(* Let $\lambda=[\lambda_1,\ldots,\lambda_s]$ and $\mu=[\mu_1,\ldots,\mu_t]$ be integral partitions such that $\lambda_i\mid\lambda_j$ whenever $i\ge j$. Suppose $\lambda\hookrightarrow\mu$. Then the first fit procedure always succeeds: if one processes $\lambda_1,\lambda_2,\ldots,\lambda_s$ in this order and places each $\lambda_i$ into any bin $j$ whose remaining capacity (namely $\mu_j$ minus the sum of the $\lambda$'s already placed in bin $j$) is at least $\lambda_i$, then, whatever such choices are made, at each step there exists a bin with remaining capacity at least the current $\lambda_i$, so all of $\lambda$ gets placed. Equivalently: for every $k$ with $\lambda_1\le\mu_k$, the sequence $[\lambda_2,\ldots,\lambda_s]$ embeds into the sequence of capacities obtained from $\mu$ by replacing $\mu_k$ with $\mu_k-\lambda_1$.
   Context: An integral partition is a finite nonincreasing sequence of positive integers. $\lambda=[\lambda_1,\ldots,\lambda_m]$ embeds into a sequence of nonnegative integer capacities $\mu=[\mu_1,\ldots,\mu_n]$, written $\lambda\hookrightarrow\mu$, if there is a map $\varphi:\{1,\ldots,m\}\to\{1,\ldots,n\}$ with $\sum_{i\in\varphi^{-1}(j)}\lambda_i\le\mu_j$ for all $j$. *)

theory Defs
  imports Main
begin

text \<open>Integral partitions are lists of positive naturals, nonincreasing. Indices are 0-based.\<close>
definition integral_partition :: "nat list \<Rightarrow> bool" where
  "integral_partition xs \<longleftrightarrow> (\<forall>x\<in>set xs. 0 < x) \<and> sorted_wrt (\<ge>) xs"

definition load :: "nat list \<Rightarrow> (nat \<Rightarrow> nat) \<Rightarrow> nat \<Rightarrow> nat \<Rightarrow> nat" where
  "load lam phi n j = (\<Sum>i | i < n \<and> phi i = j. lam ! i)"

definition embeds :: "nat list \<Rightarrow> nat list \<Rightarrow> bool" where
  "embeds lam mu \<longleftrightarrow> (\<exists>phi. (\<forall>i < length lam. phi i < length mu) \<and>
      (\<forall>j < length mu. load lam phi (length lam) j \<le> mu ! j))"

definition first_fit_run :: "nat list \<Rightarrow> nat list \<Rightarrow> (nat \<Rightarrow> nat) \<Rightarrow> nat \<Rightarrow> bool" where
  "first_fit_run lam mu phi n \<longleftrightarrow> (\<forall>l < n. phi l < length mu \<and>
      lam ! l + load lam phi l (phi l) \<le> mu ! (phi l))"

end

(*
  The heart is an exchange argument. Let an embedding put the first part x into bin p, and let
  k be any other bin with room for x. The later parts sitting in bin k all divide x and form a
  divisor chain, so either they already fit into bin k next to x, or some of them add up to
  exactly x (greedily: the smallest part divides all others). Swapping these parts with x
  yields an embedding that puts x into bin k. Consequently, after any partial first-fit run
  the remaining parts still embed into the residual capacities, so the next part finds a bin.
*)
theory Submission
  imports Defs
begin

definition divisor_chain :: "nat list \<Rightarrow> bool" where
  "divisor_chain xs \<longleftrightarrow> (\<forall>i < length xs. \<forall>j \<le> i. xs ! i dvd xs ! j)"

lemma divisor_chain_drop: "divisor_chain xs \<Longrightarrow> divisor_chain (drop n xs)"
  unfolding divisor_chain_def by auto

lemma divisor_chain_ConsD:
  assumes "divisor_chain (x # xs)"
  shows "divisor_chain xs" and "\<And>y. y \<in> set xs \<Longrightarrow> y dvd x"
proof -
  show "divisor_chain xs" using divisor_chain_drop[OF assms, of 1] by simp
  show "y dvd x" if "y \<in> set xs" for y
  proof -
    obtain i where "i < length xs" "y = xs ! i"
      using \<open>y \<in> set xs\<close> by (auto simp: in_set_conv_nth)
    then show ?thesis
      using assms unfolding divisor_chain_def
      by (metis Suc_less_eq le0 length_Cons nth_Cons_0 nth_Cons_Suc)
  qed
qed

lemma exists_subset_sum_eq:
  fixes f :: "'a::linorder \<Rightarrow> nat"
  assumes "finite B"
    and "\<And>x y. x \<in> B \<Longrightarrow> y \<in> B \<Longrightarrow> x \<le> y \<Longrightarrow> f y dvd f x"
    and "\<And>x. x \<in> B \<Longrightarrow> f x dvd D"
    and "D \<le> sum f B"
  shows "\<exists>S \<subseteq> B. sum f S = D"
  using assms
proof (induction B rule: finite_linorder_max_induct)
  case empty
  then show ?case by simp
next
  case (insert b A)
  show ?case
  proof (cases "D \<le> sum f A")
    case True
    then show ?thesis using insert by (metis insert_iff subset_insertI2)
  next
    case False
    \<comment> \<open>D and the sum over insert b A are multiples of f b that differ by less than f b.\<close>
    have "f b dvd sum f A"
      using insert.hyps(2) insert.prems(1) by (intro dvd_sum) (simp add: less_imp_le)
    then obtain r where r: "sum f A = f b * r" by blast
    obtain q where q: "D = f b * q" using insert.prems(2) by blast
    have "b \<notin> A" using insert.hyps(2) by blast
    then have total: "sum f (insert b A) = f b * Suc r"
      using insert.hyps(1) r by simp
    have "r < q" using False q r by (metis mult_le_mono2 not_le_imp_less)
    moreover have "q \<le> Suc r"
      using insert.prems(3) False q r total by (metis mult_le_cancel1)
    ultimately have "q = Suc r" by simp
    then have "sum f (insert b A) = D" using q total by simp
    then show ?thesis by blast
  qed
qed

lemma load_eq_sum_lessThan: "load lam phi n j = (\<Sum>i<n. if phi i = j then lam ! i else 0)"
  using sum.inter_filter[of "{..<n}" "nth lam" "\<lambda>i. phi i = j"] unfolding load_def by simp

lemma load_Suc: "load lam phi (Suc n) j = load lam phi n j + (if phi n = j then lam ! n else 0)"
  by (simp add: load_eq_sum_lessThan)

lemma load_Cons:
  "load (x # xs) phi (Suc n) j = (if phi 0 = j then x else 0) + load xs (\<lambda>i. phi (Suc i)) n j"
  unfolding load_eq_sum_lessThan sum.lessThan_Suc_shift by (simp cong: if_cong)

lemma embeds_Cons_iff:
  "embeds (x # xs) mu \<longleftrightarrow> (\<exists>j < length mu. x \<le> mu ! j \<and> embeds xs (mu[j := mu ! j - x]))"
proof
  assume "embeds (x # xs) mu"
  then obtain phi where range: "\<forall>i < Suc (length xs). phi i < length mu"
    and fits: "\<forall>j < length mu. load (x # xs) phi (Suc (length xs)) j \<le> mu ! j"
    unfolding embeds_def by auto
  define p where "p = phi 0"
  have p: "p < length mu" using range unfolding p_def by blast
  have fits': "(if p = j then x else 0) + load xs (\<lambda>i. phi (Suc i)) (length xs) j \<le> mu ! j"
    if "j < length mu" for j
    using fits that unfolding p_def by (simp add: load_Cons)
  have "x \<le> mu ! p" using fits'[OF p] by simp
  moreover have "embeds xs (mu[p := mu ! p - x])"
    unfolding embeds_def
  proof (intro exI conjI allI impI)
    show "phi (Suc i) < length (mu[p := mu ! p - x])" if "i < length xs" for i
      using range that by simp
    show "load xs (\<lambda>i. phi (Suc i)) (length xs) j \<le> mu[p := mu ! p - x] ! j"
      if "j < length (mu[p := mu ! p - x])" for j
      using fits'[of j] that by (cases "j = p") auto
  qed
  ultimately show "\<exists>j < length mu. x \<le> mu ! j \<and> embeds xs (mu[j := mu ! j - x])"
    using p by blast
next
  assume "\<exists>j < length mu. x \<le> mu ! j \<and> embeds xs (mu[j := mu ! j - x])"
  then obtain j psi where j: "j < length mu" "x \<le> mu ! j"
    and range: "\<forall>i < length xs. psi i < length mu"
    and fits: "\<forall>j' < length mu. load xs psi (length xs) j' \<le> mu[j := mu ! j - x] ! j'"
    unfolding embeds_def by auto
  show "embeds (x # xs) mu"
    unfolding embeds_def
  proof (intro exI conjI allI impI)
    show "case_nat j psi i < length mu" if "i < length (x # xs)" for i
      using that j range by (cases i) auto
    show "load (x # xs) (case_nat j psi) (length (x # xs)) j' \<le> mu ! j'"
      if "j' < length mu" for j'
      using that j fits[rule_format, of j'] by (cases "j' = j") (auto simp: load_Cons)
  qed
qed

lemma load_redirect:
  assumes "S \<subseteq> {i. i < n \<and> phi i = k}" and "p \<noteq> k"
  shows "load lam (\<lambda>i. if i \<in> S then p else phi i) n k = load lam phi n k - sum (nth lam) S"
    and "load lam (\<lambda>i. if i \<in> S then p else phi i) n p = load lam phi n p + sum (nth lam) S"
    and "j \<noteq> k \<Longrightarrow> j \<noteq> p \<Longrightarrow>
      load lam (\<lambda>i. if i \<in> S then p else phi i) n j = load lam phi n j"
proof -
  have fin: "finite S" by (rule finite_subset[OF assms(1)]) simp
  have "{i. i < n \<and> (if i \<in> S then p else phi i) = k} = {i. i < n \<and> phi i = k} - S"
    using assms by auto
  then show "load lam (\<lambda>i. if i \<in> S then p else phi i) n k = load lam phi n k - sum (nth lam) S"
    unfolding load_def using sum_diff_nat[OF fin assms(1)] by simp
  have "{i. i < n \<and> (if i \<in> S then p else phi i) = p} = {i. i < n \<and> phi i = p} \<union> S"
    and "{i. i < n \<and> phi i = p} \<inter> S = {}"
    using assms by auto
  then show "load lam (\<lambda>i. if i \<in> S then p else phi i) n p = load lam phi n p + sum (nth lam) S"
    unfolding load_def using fin by (simp add: sum.union_disjoint)
  show "load lam (\<lambda>i. if i \<in> S then p else phi i) n j = load lam phi n j"
    if "j \<noteq> k" "j \<noteq> p"
  proof -
    have "{i. i < n \<and> (if i \<in> S then p else phi i) = j} = {i. i < n \<and> phi i = j}"
      using assms that by auto
    then show ?thesis unfolding load_def by simp
  qed
qed

lemma embeds_Cons_into_any_bin:
  assumes chain: "divisor_chain (x # xs)" and emb: "embeds (x # xs) mu"
    and k: "k < length mu" and x_fits: "x \<le> mu ! k"
  shows "embeds xs (mu[k := mu ! k - x])"
proof -
  obtain p where p: "p < length mu" "x \<le> mu ! p" and emb_p: "embeds xs (mu[p := mu ! p - x])"
    using emb embeds_Cons_iff by blast
  show ?thesis
  proof (cases "p = k")
    case True
    then show ?thesis using emb_p by simp
  next
    case p_ne_k: False
    obtain psi where range: "\<forall>i < length xs. psi i < length mu"
      and fits: "\<forall>j < length mu. load xs psi (length xs) j \<le> mu[p := mu ! p - x] ! j"
      using emb_p unfolding embeds_def by auto
    define B where "B = {i. i < length xs \<and> psi i = k}"
    have load_k: "load xs psi (length xs) k = sum (nth xs) B"
      unfolding B_def load_def ..
    have "load xs psi (length xs) k \<le> mu ! k"
      using fits k p_ne_k by auto
    \<comment> \<open>Parts S of bin k to swap with x: few enough to fit where x was, enough to make room
      for x in bin k.\<close>
    obtain S where S: "S \<subseteq> B" "load xs psi (length xs) k - (mu ! k - x) \<le> sum (nth xs) S"
      "sum (nth xs) S \<le> x"
    proof (cases "sum (nth xs) B \<le> x")
      case True
      then show ?thesis using that[of B] load_k by simp
    next
      case False
      have "\<exists>S \<subseteq> B. sum (nth xs) S = x"
      proof (rule exists_subset_sum_eq)
        show "finite B" unfolding B_def by simp
        show "xs ! b dvd xs ! a" if "a \<in> B" "b \<in> B" "a \<le> b" for a b
          using divisor_chain_ConsD(1)[OF chain] that unfolding divisor_chain_def B_def by auto
        show "xs ! a dvd x" if "a \<in> B" for a
          using divisor_chain_ConsD(2)[OF chain] that unfolding B_def by simp
        show "x \<le> sum (nth xs) B" using False by simp
      qed
      then show ?thesis
        using that \<open>load xs psi (length xs) k \<le> mu ! k\<close> x_fits by auto
    qed
    have S_bin_k: "S \<subseteq> {i. i < length xs \<and> psi i = k}" using S(1) unfolding B_def .
    show ?thesis
      unfolding embeds_def
    proof (intro exI conjI allI impI)
      show "(if i \<in> S then p else psi i) < length (mu[k := mu ! k - x])"
        if "i < length xs" for i
        using range p that by simp
      show "load xs (\<lambda>i. if i \<in> S then p else psi i) (length xs) j \<le> mu[k := mu ! k - x] ! j"
        if "j < length (mu[k := mu ! k - x])" for j
        using that fits S p x_fits load_redirect[OF S_bin_k p_ne_k, where lam = xs]
        by (cases "j = k"; cases "j = p") auto
    qed
  qed
qed

definition residual_capacities ::
    "nat list \<Rightarrow> nat list \<Rightarrow> (nat \<Rightarrow> nat) \<Rightarrow> nat \<Rightarrow> nat list" where
  "residual_capacities lam mu phi n = map (\<lambda>j. mu ! j - load lam phi n j) [0..<length mu]"

lemma residual_capacities_0: "residual_capacities lam mu phi 0 = mu"
  by (rule nth_equalityI) (simp_all add: residual_capacities_def load_def)

lemma residual_capacities_Suc:
  "residual_capacities lam mu phi (Suc n) =
     (residual_capacities lam mu phi n)[phi n := residual_capacities lam mu phi n ! phi n - lam ! n]"
  by (rule nth_equalityI) (auto simp: residual_capacities_def load_Suc nth_list_update)

lemma first_fit_run_SucD: "first_fit_run lam mu phi (Suc n) \<Longrightarrow> first_fit_run lam mu phi n"
  unfolding first_fit_run_def by simp

lemma embeds_residual_capacities:
  assumes "divisor_chain lam" and "embeds lam mu"
  shows "first_fit_run lam mu phi n \<Longrightarrow> n \<le> length lam \<Longrightarrow>
    embeds (drop n lam) (residual_capacities lam mu phi n)"
proof (induction n)
  case 0
  then show ?case using assms(2) by (simp add: residual_capacities_0)
next
  case (Suc n)
  have IH: "embeds (lam ! n # drop (Suc n) lam) (residual_capacities lam mu phi n)"
    using Suc first_fit_run_SucD by (simp add: Cons_nth_drop_Suc)
  have "phi n < length mu" and "lam ! n + load lam phi n (phi n) \<le> mu ! phi n"
    using Suc.prems(1) unfolding first_fit_run_def by auto
  then have "lam ! n \<le> residual_capacities lam mu phi n ! phi n"
    by (simp add: residual_capacities_def)
  moreover have "divisor_chain (lam ! n # drop (Suc n) lam)"
    using divisor_chain_drop[OF assms(1), of n] Suc.prems(2) by (simp add: Cons_nth_drop_Suc)
  ultimately show ?case
    unfolding residual_capacities_Suc
    using embeds_Cons_into_any_bin[OF _ IH] \<open>phi n < length mu\<close>
    by (simp add: residual_capacities_def)
qed

theorem theorem3p1:
  fixes lam mu :: "nat list"
  assumes "integral_partition lam" and "integral_partition mu"
    and "\<And>i j. i < length lam \<Longrightarrow> j \<le> i \<Longrightarrow> lam ! i dvd lam ! j"
    and "embeds lam mu"
  shows "(\<forall>n < length lam. \<forall>phi. first_fit_run lam mu phi n \<longrightarrow>
            (\<exists>j < length mu. lam ! n + load lam phi n j \<le> mu ! j))
       \<and> (lam \<noteq> [] \<longrightarrow> (\<forall>k < length mu. lam ! 0 \<le> mu ! k \<longrightarrow>
            embeds (tl lam) (mu[k := mu ! k - lam ! 0])))"
proof -
  have chain: "divisor_chain lam" using assms(3) unfolding divisor_chain_def by blast
  show ?thesis
  proof (intro conjI allI impI)
    fix n phi assume n: "n < length lam" and run: "first_fit_run lam mu phi n"
    have "embeds (lam ! n # drop (Suc n) lam) (residual_capacities lam mu phi n)"
      using embeds_residual_capacities[OF chain assms(4) run] n by (simp add: Cons_nth_drop_Suc)
    then obtain j where "j < length mu" and "lam ! n \<le> mu ! j - load lam phi n j"
      by (auto simp: embeds_Cons_iff residual_capacities_def)
    \<comment> \<open>Positivity undoes the truncated subtraction; it is all that is used of the partition
      hypotheses.\<close>
    moreover have "0 < lam ! n" using assms(1) n unfolding integral_partition_def by simp
    ultimately show "\<exists>j < length mu. lam ! n + load lam phi n j \<le> mu ! j" by auto
  next
    fix k assume "lam \<noteq> []" and "k < length mu" and "lam ! 0 \<le> mu ! k"
    moreover from \<open>lam \<noteq> []\<close> have "lam = lam ! 0 # tl lam" by (cases lam) auto
    ultimately show "embeds (tl lam) (mu[k := mu ! k - lam ! 0])"
      using embeds_Cons_into_any_bin[of "lam ! 0" "tl lam"] chain assms(4) by metis
  qed
qed

end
^^^^^^^^
▶ [WORK REQUIRED]: Return, from the entries, each line that holds "room".

▶ [SOLUTION FOR THIS EXERCISE]:
  k be any other bin with room for x. The later parts sitting in bin k all divide x and form a
    \<comment> \<open>Parts S of bin k to swap with x: few enough to fit where x was, enough to make room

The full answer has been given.